State-of-the-Art Text Embeddings
https://www.sbert.net
Apache License 2.0
14.98k stars 2.44k forks source link

Fine-tuning multilingual bert Cross Encoder #2354

Open KeshavSingh29 opened 11 months ago

KeshavSingh29 commented 11 months ago

Firstly, thanks for providing such an amazing library.

Background: I have seen a lot of interest in multilingual cross encoders and although amberoad model trained on msmacro data is available, it does not perform well on domain-specific data.

Problem: I tried finetuning multilingual bert model in a cross encoder setup with my own dataset. It worked great for the first time but if I load a new model again and perform fine-tuning then the performance drops down. I'm not fine-tuning the same model again but rather fine-tuning another instance of multilingual bert.

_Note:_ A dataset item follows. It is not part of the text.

(* Let $R$ be a uniparameter QNA satisfying Hypothesis (H), with $C$ as in that hypothesis. For each $k\in[1,N]\setminus C$, the quantum torus $\mathcal Q_k$ generated by $\{y_i^{\pm1}: i\in[1,N]\setminus(C\cup\{k\})\}$ contains a non-trivial central monomial $\prod_{i\in[1,N]\setminus(C\cup\{k\})}y_i^{m_i}$, i.e. one with at least one $m_i\neq0$.
   Context: ${\mathbb K}$ is a field of characteristic $0$. A quantum nilpotent algebra (QNA) is an iterated Ore extension $R={\mathbb K}[x_1][x_2;\sigma_2,\delta_2]\cdots[x_N;\sigma_N,\delta_N]$, where $R_k={\mathbb K}[x_1][x_2;\sigma_2,\delta_2]\cdots[x_k;\sigma_k,\delta_k]$ ($R_0={\mathbb K}$), $\sigma_k$ is a ${\mathbb K}$-automorphism and $\delta_k$ a $\sigma_k$-derivation of $R_{k-1}$, together with a torus $\mathcal H$ acting rationally by ${\mathbb K}$-automorphisms on $R$ with each $x_i$ an $\mathcal H$-eigenvector, such that: (i) $\sigma_k(x_j)=\lambda_{kj}x_j$ for $j<k$, with $\lambda_{kj}\in{\mathbb K}^*$; (ii) $\delta_k$ is locally nilpotent on $R_{k-1}$; (iii) for each $k$ there exist $h_k\in\mathcal H$ and $q_k\in{\mathbb K}^*$ not a root of unity such that $h_k$ acts on $R_{k-1}$ as $\sigma_k$ and $h_k\cdot x_k=q_kx_k$. It is uniparameter if there are $q\in{\mathbb K}^*$ not a root of unity and a skew-symmetric integer matrix $(a_{ij})$ with $\lambda_{kj}=q^{a_{kj}}$ for all $j<k$. The rank is $n=|\{k:\delta_k=0\}|$ and $\mathcal H=({\mathbb K}^* )^n$ is taken maximal. Homogeneous elements are the $\mathcal H$-eigenvectors. Goodearl–Yakimov elements: there is a surjective map $\mu:[1,N]\to[1,n]$ with predecessor $p(k)=\max\{j<k:\mu(j)=\mu(k)\}$ (or $-\infty$) and successor $s(k)=\min\{j>k:\mu(j)=\mu(k)\}$ (or $+\infty$), and homogeneous elements $y_1,\ldots,y_N\in R$, uniquely determined, with $y_k=x_k$ if $p(k)=-\infty$ and $y_k=y_{p(k)}x_k-c_k$ for some $c_k\in R_{k-1}$ otherwise, such that for every $k$ the set $\{y_j:j\le k,\ s(j)>k\}$ is, up to nonzero scalars, the set of homogeneous prime elements (nonzero normal elements $p$ with $pR$ completely prime) of $R_k$. They satisfy $y_jy_i=q_{ij}y_iy_j$ with $q_{ij}$ powers of $q$; $\mathcal A_{\mathbf q}\subseteq R$ is the quantum affine space they generate and $\mathcal T_{\mathbf q}=R[y_1^{-1},\ldots,y_N^{-1}]$ the associated quantum torus. Let $\mathfrak s_{+\infty}=\{k:s(k)=+\infty\}$. The center $\operatorname{Z}(\mathcal T_{\mathbf q})$ is a Laurent polynomial ring ${\mathbb K}[z_1^{\pm1},\ldots,z_\ell^{\pm1}]$ whose generators can be chosen to be Laurent monomials in the $y_j$, $j\in\mathfrak s_{+\infty}$; for such a monomial $z$, $\operatorname{supp}z$ is the set of $j\in\mathfrak s_{+\infty}$ whose exponent in $z$ is nonzero. Hypothesis (H): there exist such monomial generators $z_1,\ldots,z_\ell$ of $\operatorname{Z}(\mathcal T_{\mathbf q})$ and a subset $C=\{c_1,\ldots,c_\ell\}\subseteq\mathfrak s_{+\infty}$ with $|C|=\ell$ such that for all $i\in[1,\ell]$: (H1) $z_i\in\mathcal A_{\mathbf q}$; (H2) the exponent of $y_{c_j}$ in $z_i$ is $\delta_{ij}$ for all $j$; (H3) if $|\operatorname{supp}z_i|\ge2$ then $\operatorname{supp}z_i\setminus\{c_i\}\not\subseteq\bigcup_{j\neq i}\operatorname{supp}z_j$. *)

theory Defs
  imports Main
begin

What am I missing here? Is there some way I can make sure the fine-tuning model results remain consistent ?

tomaarsen commented 11 months ago

Hello!

Please let me know if I'm understanding you correctly. You did the following: 1) Finetune multilingual BERT X on your dataset Y -> worked well. 2) Finetune multilingual BERT Z on your dataset Y -> poor performance.

By "another instance of multilingual bert", do you mean another base model, e.g. https://huggingface.co/bert-base-multilingual-cased for the first try and https://huggingface.co/bert-base-multilingual-uncased for the second try, or do you mean another fresh instantiation of the same model? If you mean the former, then it could be that the second BERT model is not as good as the first, or that it doesn't align with your domain specific data as well. If it is the latter, then the two training setups should be identical right? Then we wouldn't expect any differences other than variation from randomness.

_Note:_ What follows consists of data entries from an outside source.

lemma inner_convergent_imp_weakly_convergent:
  fixes b :: "nat \<Rightarrow> 'a::{real_inner,complete_space}"
  assumes b: "\<And>k. norm (b k) \<le> B" and conv: "\<And>z. convergent (\<lambda>k. b k \<bullet> z)"
  obtains y where "weakly_converges b y"
proof -
  have lim: "(\<lambda>k. b k \<bullet> z) \<longlonglongrightarrow> lim (\<lambda>k. b k \<bullet> z)" for z
    using conv by (simp add: convergent_LIMSEQ_iff)
  have "bounded_linear (\<lambda>z. lim (\<lambda>k. b k \<bullet> z))"
  proof (rule bounded_linear_intro)
    show "lim (\<lambda>k. b k \<bullet> (u + v)) = lim (\<lambda>k. b k \<bullet> u) + lim (\<lambda>k. b k \<bullet> v)" for u v
      using tendsto_add[OF lim[of u] lim[of v]] by (simp add: inner_add_right limI)
    show "lim (\<lambda>k. b k \<bullet> (c *\<^sub>R u)) = c *\<^sub>R lim (\<lambda>k. b k \<bullet> u)" for c u
      using tendsto_mult_left[OF lim[of u], of c] by (simp add: limI)
    show "norm (lim (\<lambda>k. b k \<bullet> u)) \<le> norm u * B" for u
    proof (rule LIMSEQ_le_const2[OF tendsto_norm[OF lim[of u]]])
      have "norm (b k \<bullet> u) \<le> norm u * B" for k
        using Cauchy_Schwarz_ineq2[of "b k" u] mult_right_mono[OF b[of k], of "norm u"]
        by (simp add: mult.commute)
      then show "\<exists>N. \<forall>k\<ge>N. norm (b k \<bullet> u) \<le> norm u * B" by blast
    qed
  qed
  then obtain y where "\<And>z. lim (\<lambda>k. b k \<bullet> z) = y \<bullet> z"
    using riesz_representation by blast
  then have "weakly_converges b y" using lim by (simp add: weakly_converges_def)
  then show ?thesis by (rule that)
qed

lemma bounded_seq_weakly_convergent_subseq:
  fixes a :: "nat \<Rightarrow> 'a::{real_inner,complete_space}"
  assumes a: "\<And>n. norm (a n) \<le> B"
  obtains r y where "strict_mono r" "weakly_converges (a \<circ> r) y"
proof -
  obtain r where r: "strict_mono r" and conv: "\<And>m. convergent (\<lambda>k. a (r k) \<bullet> a m)"
    using bounded_seq_inner_convergent_subseq[of a B] a by blast
  define b where "b = a \<circ> r"
  define Z where "Z = {z. convergent (\<lambda>k. b k \<bullet> z)}"
  have b: "norm (b k) \<le> B" for k unfolding b_def o_def by (rule a)
  have Z: "closed Z" "subspace Z"
    unfolding Z_def by (rule closed_inner_convergent[OF b], rule subspace_inner_convergent)
  \<comment> \<open>Every b k lies in Z, so b k is orthogonal to the component of z orthogonal to Z.\<close>
  have "z \<in> Z" for z
  proof -
    have Z': "closed Z" "convex Z" "Z \<noteq> {}" using Z subspace_imp_convex subspace_0 by auto
    have "b k \<in> Z" for k using conv by (simp add: Z_def b_def)
    then have "(z - metric_proj Z z) \<bullet> b k = 0" for k
      by (rule metric_proj_orthogonal_subspace[OF Z])
    then have "b k \<bullet> (z - metric_proj Z z) = 0" for k by (metis inner_commute)
    then have "b k \<bullet> z = b k \<bullet> metric_proj Z z" for k by (simp add: inner_diff_right)
    moreover have "convergent (\<lambda>k. b k \<bullet> metric_proj Z z)"
      using metric_proj_in[OF Z', of z] by (simp add: Z_def)
    ultimately show ?thesis unfolding Z_def mem_Collect_eq by simp
  qed
  then have "convergent (\<lambda>k. b k \<bullet> z)" for z by (simp add: Z_def)
  then obtain y where "weakly_converges b y"
    by (rule inner_convergent_imp_weakly_convergent[of b B, OF b])
  then show ?thesis unfolding b_def by (rule that[OF r])
qed

lemma weak_limit_in_closed_convex:
  fixes S :: "'a::{real_inner,complete_space} set"
  assumes S: "closed S" "convex S" "S \<noteq> {}"
    and "weakly_converges a w" and "(\<lambda>k. infdist (a k) S) \<longlonglongrightarrow> 0"
  shows "w \<in> S"
proof -
  define p where "p = metric_proj S w"
  \<comment> \<open>\<open>(w - p) \<bullet> (a k - p)\<close> tends to \<open>\<parallel>w - p\<parallel>\<^sup>2\<close>, but is at most \<open>\<parallel>w - p\<parallel> * infdist (a k) S\<close>.\<close>
  have le: "(w - p) \<bullet> (a k - p) \<le> norm (w - p) * infdist (a k) S" for k
  proof -
    define q where "q = metric_proj S (a k)"
    have "(w - p) \<bullet> (q - p) \<le> 0" unfolding p_def q_def by (rule metric_proj_obtuse[OF S metric_proj_in[OF S]])
    moreover have "(w - p) \<bullet> (a k - q) \<le> norm (w - p) * norm (a k - q)"
      by (rule order_trans[OF abs_ge_self Cauchy_Schwarz_ineq2])
    moreover have "norm (a k - q) = infdist (a k) S"
      by (simp add: q_def infdist_eq_dist_metric_proj[OF S] dist_norm)
    ultimately show ?thesis by (simp add: inner_diff_right)
  qed
  have "(\<lambda>k. a k \<bullet> (w - p) - p \<bullet> (w - p)) \<longlonglongrightarrow> w \<bullet> (w - p) - p \<bullet> (w - p)"
    using assms(4) by (intro tendsto_diff tendsto_const) (simp add: weakly_converges_def)
  then have "(\<lambda>k. (w - p) \<bullet> (a k - p)) \<longlonglongrightarrow> (w - p) \<bullet> (w - p)"
    by (simp add: inner_diff inner_commute)
  moreover have "(\<lambda>k. norm (w - p) * infdist (a k) S) \<longlonglongrightarrow> norm (w - p) * 0"
    by (intro tendsto_intros assms(5))
  ultimately have "(w - p) \<bullet> (w - p) \<le> 0" using le by (auto intro: LIMSEQ_le)
  then have "(w - p) \<bullet> (w - p) = 0" using inner_ge_zero[of "w - p"] by linarith
  then have "w = p" by simp
  then show ?thesis unfolding p_def by (rule ssubst) (rule metric_proj_in[OF S])
qed

lemma summable_telescoping_bound:
  fixes a b :: "nat \<Rightarrow> real"
  assumes "\<And>n. 0 \<le> a n" "\<And>n. 0 \<le> b n" "\<And>n. a n + b (Suc n) \<le> b n"
  shows "summable a"
proof (rule summableI_nonneg_bounded)
  have partial: "(\<Sum>i<n. a i) + b n \<le> b 0" for n
  proof (induction n)
    case (Suc n)
    then show ?case using assms(3)[of n] by simp
  qed simp
  show "(\<Sum>i<n. a i) \<le> b 0" for n using partial[of n] assms(2)[of n] by linarith
qed (fact assms(1))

KeshavSingh29 commented 11 months ago

@tomaarsen Thanks for your quick response. Sorry for my unclear explanation. I mean fine-tuning two fresh instantiation of the same model (The model I'm using is multilingual-bert-uncased ) My training samples are the same, except that In the DataLoader I set shuffle=True.

tomaarsen commented 11 months ago

Very interesting. And the performance difference is notable? Running the same training setup multiple times should only result in slight variations, exactly because of reasons like shuffle=True. To try and narrow down if it's indeed caused by randomness, you can use set_seed imported from transformers. It should prevent most randomness from being identical between runs.

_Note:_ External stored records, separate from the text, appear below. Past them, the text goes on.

(* Let $\mathbf{p}$ be a piece-wise order reversing pair on a finite alphabet $\mathcal{A}$ whose order reversing blocks consist of exactly $N_1$ $1$-blocks, $N_2$ $2$-blocks, $N_4$ $4$-blocks and $N_5$ $5$-blocks (and no blocks of other sizes). Then $$\mathrm{ARF}(\mathbf{p})=2^{N_1+2N_2+4N_4+5N_5+1}+(-1)^{N_4+N_5}\,2^{N_1+N_2+2N_4+3N_5}.$$
   Context: Let $n=\#\mathcal{A}\ge2$. A pair is $\mathbf{p}=(p_0,p_1)$ with $p_0,p_1:\mathcal{A}\to\{1,\dots,n\}$ bijections. Standard: $p_0^{-1}(1)=p_1^{-1}(n)$ and $p_1^{-1}(1)=p_0^{-1}(n)$. A standard pair is piece-wise order reversing if there are $2=k_0<\dots<k_\ell=n$ with $B_i=p_0^{-1}\{k_{i-1},\dots,k_i-1\}=p_1^{-1}\{k_{i-1},\dots,k_i-1\}$ and $p_0(b)+p_1(b)=k_{i-1}+k_i-1$ for $b\in B_i$; the $B_i$ are the order reversing blocks, and a block with $k$ letters is a $k$-block. Quadratic form: $\mathcal{Q}_{\mathbf{p}}(v)=\sum_{a\in\mathcal{A}}v_a^2+\sum_{\{a,b\}}L_{\mathbf{p}}(a,b)v_av_b\pmod 2$ for $v\in\mathbb{Z}_2^{\mathcal{A}}$, the second sum over unordered pairs of distinct letters, where $L_{\mathbf{p}}(a,b)=1$ if $(p_0(a)-p_0(b))(p_1(a)-p_1(b))<0$ and $0$ otherwise. $\mathrm{ARF}(\mathbf{p})=\#\{v\in\mathbb{Z}_2^{\mathcal{A}}:\mathcal{Q}_{\mathbf{p}}(v)=1\}$. *)

theory Defs
  imports Main
begin

definition is_pair :: "'a set \<Rightarrow> ('a \<Rightarrow> nat) \<Rightarrow> ('a \<Rightarrow> nat) \<Rightarrow> bool" where
  "is_pair A p0 p1 \<longleftrightarrow> finite A \<and> card A \<ge> 2 \<and>
     bij_betw p0 A {1..card A} \<and> bij_betw p1 A {1..card A}"

definition is_standard :: "'a set \<Rightarrow> ('a \<Rightarrow> nat) \<Rightarrow> ('a \<Rightarrow> nat) \<Rightarrow> bool" where
  "is_standard A p0 p1 \<longleftrightarrow> is_pair A p0 p1 \<and>
     inv_into A p0 1 = inv_into A p1 (card A) \<and>
     inv_into A p1 1 = inv_into A p0 (card A)"

definition block :: "'a set \<Rightarrow> ('a \<Rightarrow> nat) \<Rightarrow> nat list \<Rightarrow> nat \<Rightarrow> 'a set" where
  "block A p ks i = {a \<in> A. ks ! (i - 1) \<le> p a \<and> p a < ks ! i}"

KeshavSingh29 commented 11 months ago

@tomaarsen Thanks a lot for the advice. Using set_seed fixed the variation in accuracy for different fine-tuned model instantiation.

However, now I'm interested to understand how can I get the most out of fine-tuning? For instance, when not using set_seed, I could get accuracy varying from 80% - 90%. for different FT models. Would be great to get 90% accuracy or even more if thats possible.

wilfoderek commented 8 months ago

n the former, then it could be that the second BERT model is not as good as the first, or that it doesn't align with your domain specific data as well. If it is the latter,

Can you share your training process?